Eazy Dog Training – Your Dog Trainer in Elizabeth Bay
Do you really need to be the ‘Pack Leader’ to your dog?
It’s a very common belief that we need to be a pack leader to our dogs. Sometimes people even blame lack of pack leadership for bad behaviours. But is it true though? First of all your dogs know perfectly well that you are not a dog. So the whole concept of being a pack leader gets a bit confusing. Here’s advice from a dog trainer in Elizabeth Bay.
The History of Pack Theory
The concept of dominance and pack theory in the canine world is largely based on research collected from studies performed on a pack of unrelated, captive wolves in the 1970s. The results of this research suggested that there was a rigid hierarchy in the pack of wolves. The leaders, ‘Alphas’, had priority access to resources, forcefully maintaining the group structure through displays of aggression to others.

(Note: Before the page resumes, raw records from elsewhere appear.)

lemma rename_eq_VInl_VUnit_iff [simp]: "rename \<pi> x = VInl VUnit \<longleftrightarrow> x = VInl VUnit"
  by (cases x) auto

lemma rename_eq_VInr_VUnit_iff [simp]: "rename \<pi> x = VInr VUnit \<longleftrightarrow> x = VInr VUnit"
  by (cases x) auto

definition shift_realisable :: "pof \<Rightarrow> bool" where
  "shift_realisable s \<longleftrightarrow> (\<exists>f. comp_primes s s f \<and> (\<forall>w \<in> lists (elems s). f w = shift w))"

text \<open>Splitting letterwise into two coordinates, shifting each and joining back shifts the word,
  because the two \<open>\<bottom>\<close> entering at the front are joined to \<open>\<bottom>\<close>.\<close>

lemma shift_realisable_retract:
  assumes "shift_realisable X" and "shift_realisable Y"
    and g: "equivariant_fun S (PProd X Y) g" and h: "equivariant_fun (PProd X Y) S h"
    and h_bot: "h (VPair bot_letter bot_letter) = bot_letter"
    and h_g: "\<forall>x \<in> elems S. h (g x) = x"
  shows "shift_realisable S"
proof -
  obtain f1 where f1: "comp_primes X X f1" "\<forall>w \<in> lists (elems X). f1 w = shift w"
    using assms(1) by (auto simp: shift_realisable_def)
  obtain f2 where f2: "comp_primes Y Y f2" "\<forall>w \<in> lists (elems Y). f2 w = shift w"
    using assms(2) by (auto simp: shift_realisable_def)
  have "map h (par_comp f1 f2 (map g w)) = shift w" if w: "w \<in> lists (elems S)" for w
  proof -
    have g_w: "\<forall>x \<in> set w. g x = VPair (vfst (g x)) (vsnd (g x)) \<and> vfst (g x) \<in> elems X \<and> vsnd (g x) \<in> elems Y"
      using w g by (fastforce simp: equivariant_fun_def elems_PProd)
    define u v where "u = map (vfst \<circ> g) w" and "v = map (vsnd \<circ> g) w"
    have "map2 VPair u v = map (\<lambda>x. VPair (vfst (g x)) (vsnd (g x))) w"
      unfolding u_def v_def by (induction w) auto
    also have "\<dots> = map g w"
      using g_w by (metis (no_types, lifting) map_eq_conv)
    finally have uv: "map2 VPair u v = map g w" .
    have "u \<in> lists (elems X)" and "v \<in> lists (elems Y)"
      using g_w by (auto simp: u_def v_def)
    then have "map h (par_comp f1 f2 (map g w)) = map h (map2 VPair (shift u) (shift v))"
      using f1(2) f2(2) by (simp add: par_comp_def u_def v_def)
    also have "\<dots> = shift (map h (map2 VPair u v))"
      by (rule map_shift_pairs) (simp_all add: h_bot u_def v_def)
    also have "\<dots> = shift (map h (map g w))"
      by (simp only: uv)
    also have "map h (map g w) = w"
      using w h_g by (induction w) auto
    finally show ?thesis .
  qed
  moreover have "comp_primes S S (map h \<circ> (par_comp f1 f2 \<circ> map g))"
    by (rule comp_primes.seq[OF comp_primes.seq[OF comp_primes.letterwise[OF g]
          comp_primes.par[OF f1(1) f2(1)]] comp_primes.letterwise[OF h]])
  ultimately show ?thesis
    unfolding shift_realisable_def by (metis comp_apply)
qed

fun pair_split :: "val \<Rightarrow> val" where
  "pair_split (VInl (VPair a b)) = VPair (VInl a) (VInl b)"
| "pair_split _ = VPair bot_letter bot_letter"

fun pair_join :: "val \<Rightarrow> val" where
  "pair_join (VPair (VInl a) (VInl b)) = VInl (VPair a b)"
| "pair_join _ = bot_letter"

fun sum_split :: "val \<Rightarrow> val" where
  "sum_split (VInl (VInl a)) = VPair (VInl a) bot_letter"
| "sum_split (VInl (VInr b)) = VPair bot_letter (VInl b)"
| "sum_split _ = VPair bot_letter bot_letter"

fun sum_join :: "val \<Rightarrow> val" where
  "sum_join (VPair (VInl a) _) = VInl (VInl a)"
| "sum_join (VPair _ (VInl b)) = VInl (VInr b)"
| "sum_join _ = bot_letter"

lemma pair_split_rename: "pair_split (rename \<pi> x) = rename \<pi> (pair_split x)"
  by (cases x rule: pair_split.cases) (simp_all add: bot_letter_def)
lemma covering_restr:
  assumes M: "\<forall>i\<in>K. matroid E (M i)" and R: "covering K Y M R" and X: "X \<subseteq> Y"
  shows "covering K X (\<lambda>i. restr X (M i)) (\<lambda>i. R i \<inter> X)"
proof -
  have "R i \<inter> X \<in> restr X (M i)" if "i \<in> K" for i
    using matroid_indep_subset[of E "M i" "R i"] M R that unfolding covering_def restr_def by blast
  moreover have "(\<Union>i\<in>K. R i \<inter> X) = X" using R X unfolding covering_def by blast
  ultimately show ?thesis unfolding covering_def by blast
qed

lemma family_tight_iff:
  assumes M: "\<forall>i\<in>K. matroid E (M i)" and X: "X \<subseteq> E"
  shows "family_tight K M X \<longleftrightarrow> has_covering K X (\<lambda>i. restr X (M i)) \<and>
    (\<forall>R. covering K X (\<lambda>i. restr X (M i)) R \<longrightarrow> (\<forall>i\<in>K. max_indep (restr X (M i)) (R i)))"
proof -
  have "spanning X (restr X (M i)) (R i) \<longleftrightarrow> max_indep (restr X (M i)) (R i)"
    if "covering K X (\<lambda>i. restr X (M i)) R" "i \<in> K" for R i
    using spanning_restr_iff_max_indep[of E "M i" X "R i"] M X that unfolding covering_def by blast
  then show ?thesis unfolding family_tight_def tight_def by blast
qed
theorem lemma2:
  fixes a :: real and m lr :: nat and l :: "nat^5" and k :: int
  assumes "a > 0" and "m \<ge> 1"
    and "k = min (int m) (int m + s_l lr l)"
  shows "(k \<ge> 1 \<longrightarrow> Ck (nat (k - 1)) (Btilde a) (g_ml m lr l))
         \<and> \<not> Ck (nat k) (Btilde a) (g_ml m lr l)"
proof -
  define deg where "deg = (\<Sum>i\<in>UNIV. l$i)"
  have k: "k = min (int m) (int m + int deg - int lr)"
    using assms(3) unfolding s_l_def deg_def by (simp add: of_nat_sum)
  consider "lr \<le> deg" | "deg < lr" "lr < m + deg" | "m + deg \<le> lr" by linarith
  then show ?thesis
  proof cases
    case 1
    then have "nat (k - 1) = m - 1" "nat k = m" using k by auto
    moreover have "Ck (m - 1) (Btilde a) (g_ml m lr l)"
      by (rule Ck_g_ml) (use 1 assms(2) in \<open>simp_all add: deg_def\<close>)
    ultimately show ?thesis using not_Ck_order_m[OF assms(1,2)] by simp
  next
    case 2
    define d where "d = m + deg - lr"
    have "nat (k - 1) = d - 1" "nat k = d" using k 2 by (auto simp: d_def)
    moreover have "Ck (d - 1) (Btilde a) (g_ml m lr l)"
      by (rule Ck_g_ml) (use 2 in \<open>simp_all add: d_def deg_def\<close>)
    moreover have "\<not> Ck d (Btilde a) (g_ml m lr l)"
      by (rule not_Ck_homogeneous[OF assms(1)]) (use 2 in \<open>simp_all add: d_def deg_def\<close>)
    ultimately show ?thesis by simp
  next
    case 3
    then have "nat k = 0" "\<not> k \<ge> 1" using k by auto
    then show ?thesis using g_ml_not_continuous[OF assms(1)] 3 unfolding deg_def by simp
  qed
qed

end
definition lower_partner :: "'a set \<Rightarrow> 'a set" where
  "lower_partner \<tau> = (SOME \<sigma>. regular_pair Ks \<sigma> \<tau>)"

definition upper_partner :: "'a set \<Rightarrow> 'a set" where
  "upper_partner \<sigma> = (SOME \<tau>. regular_pair Ks \<sigma> \<tau>)"

lemma regular_pair_lower_partner: "upper_regular Ks \<tau> \<Longrightarrow> regular_pair Ks (lower_partner \<tau>) \<tau>"
  unfolding upper_regular_def lower_partner_def by (rule someI_ex)

lemma regular_pair_upper_partner: "lower_regular Ks \<sigma> \<Longrightarrow> regular_pair Ks \<sigma> (upper_partner \<sigma>)"
  unfolding lower_regular_def upper_partner_def by (rule someI_ex)

lemma other_faces_born_earlier:
  assumes "regular_pair Ks \<sigma> \<tau>" "y \<in> bd K \<tau>" "y \<noteq> \<sigma>"
  shows "birth y < birth \<sigma>"
proof -
  obtain i where i: "Suc i < length Ks" "\<sigma> \<in> Ks ! Suc i" "\<tau> \<in> Ks ! Suc i"
    "Ks ! i = Ks ! Suc i - {\<sigma>, \<tau>}"
    using assms(1) by (rule regular_pair_step)
  have y: "y \<in> K" "y \<subseteq> \<tau>" "y \<noteq> \<tau>"
    using assms(2) unfolding bd_def by auto
  then have "y \<noteq> {}"
    using complex_K unfolding simplicial_complex_def by blast
  then have "y \<in> Ks ! Suc i"
    using complex_Ks[OF i(1)] i(3) y(2) unfolding simplicial_complex_def by blast
  then have "y \<in> Ks ! i"
    using i(4) y(3) assms(3) by blast
  moreover have "birth \<sigma> = Suc i"
    using i by (intro birth_eq) auto
  ultimately show ?thesis
    using birth_le[of y i] by simp
qed

lemma other_cofaces_born_later:
  assumes "regular_pair Ks \<sigma> \<tau>" "y \<in> cobd K \<sigma>" "y \<noteq> \<tau>"
  shows "birth \<tau> < birth y"
proof -
  obtain i where i: "Suc i < length Ks" "free_pair (Ks ! Suc i) \<sigma> \<tau>" "\<tau> \<in> Ks ! Suc i"
    "Ks ! i = Ks ! Suc i - {\<sigma>, \<tau>}"
    using assms(1) by (rule regular_pair_step)
  have y: "y \<in> K" "\<sigma> \<subseteq> y" "y \<noteq> \<sigma>"
    using assms(2) unfolding cobd_def by auto
  then have "y \<notin> Ks ! Suc i"
    using i(2) assms(3) unfolding free_pair_def by blast
  moreover obtain j where j: "Suc j < length Ks" "y \<in> Ks ! Suc j" "y \<notin> Ks ! j"
    using y(1) by (rule born_in_step)
  ultimately have "i < j"
    using Ks_mono[of "Suc j" "Suc i"] i(1) by (cases "i < j") auto
  moreover have "birth \<tau> = Suc i" "birth y = Suc j"
    using i j by (auto intro: birth_eq)
  ultimately show ?thesis
    by simp
qed

sublocale reference: reference_system K "critical Ks" "upper_regular Ks" "bd K" lower_partner birth
proof unfold_locales
  show "finite K"
    using complex_K unfolding simplicial_complex_def by blast
  show "critical Ks x \<Longrightarrow> x \<in> K" for x
    by (rule critical_in_K)
  show "critical Ks x \<Longrightarrow> \<not> upper_regular Ks x" for x
    unfolding upper_regular_def using critical_not_in_regular_pair by blast
  show "bd K u \<subseteq> K" for u
    unfolding bd_def by blast
  fix u assume "upper_regular Ks u"
  then have pair: "regular_pair Ks (lower_partner u) u"
    by (rule regular_pair_lower_partner)
  show "lower_partner u \<in> bd K u"
    using regular_pair_in_K[OF pair] regular_pair_card[OF pair] regular_pair_psubset[OF pair]
    unfolding bd_def by auto
  show "birth y < birth (lower_partner u)" if "y \<in> bd K u" "y \<noteq> lower_partner u" for y
    using pair that by (rule other_faces_born_earlier)
  show "card y = card (lower_partner u)" if "y \<in> bd K u" for y
    using that regular_pair_card[OF pair] unfolding bd_def by simp
  show "\<not> critical Ks (lower_partner u)"
    using pair critical_not_in_regular_pair by blast
  show "\<not> upper_regular Ks (lower_partner u)"
    using pair not_lower_and_upper_regular unfolding lower_regular_def by blast
  show "u = v" if "upper_regular Ks v" "lower_partner u = lower_partner v" for v
    using regular_pair_unique[OF pair regular_pair_lower_partner[OF that(1)],
        of "lower_partner u"] that(2) by simp
next
  fix x assume "x \<in> K"
  moreover have "\<exists>u. upper_regular Ks u \<and> x = lower_partner u" if lower: "lower_regular Ks x"
  proof -
    obtain u where "regular_pair Ks x u"
      using lower unfolding lower_regular_def by blast
    moreover from this have "upper_regular Ks u"
      unfolding upper_regular_def by blast
    ultimately show ?thesis
      using regular_pair_unique[OF _ regular_pair_lower_partner, of x u u u] by auto
  qed
  ultimately show "critical Ks x \<or> upper_regular Ks x \<or> (\<exists>u. upper_regular Ks u \<and> x = lower_partner u)"
    using K_cases by blast
qed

It was then assumed that similar social groupings and violent ‘pack’ dynamics must exist among domestic dogs as well. And the formation of these dog packs was supposedly based on the desire and drive of certain dogs to be the alpha dog of the group.
This theory became very popular despite the fact that dogs and wolves are separated by thousands of years of evolution. And despite the facts that dogs and humans are completely different species. The pack theory was attributed to explain not only the social interactions between dogs, but also between people and dogs and how dogs should be trained.
However, dogs are not wolves. And even if they were, those captive wolf studies have since been renounced by the very scientists who performed them and drew their original conclusions.
What is a True ‘Pack’?
Current scientific research has concluded that in the wild a true natural pack is actually composed of parents and their offspring. This type of pack survives like a human family, in which the parents take the leadership roles and the children follow.
The original study on wolves kept in captivity was skewed by the observation of subjects that were under severe stress. The wolves were forced to live as captives with other unrelated wolves in an unnatural environment, unable to behave as they normally would in a natural familial pack.In fact, these researchers were observing a dysfunctional group of wolves that were using threat and deference displays in order to seek safety and survive within their unnatural captive group.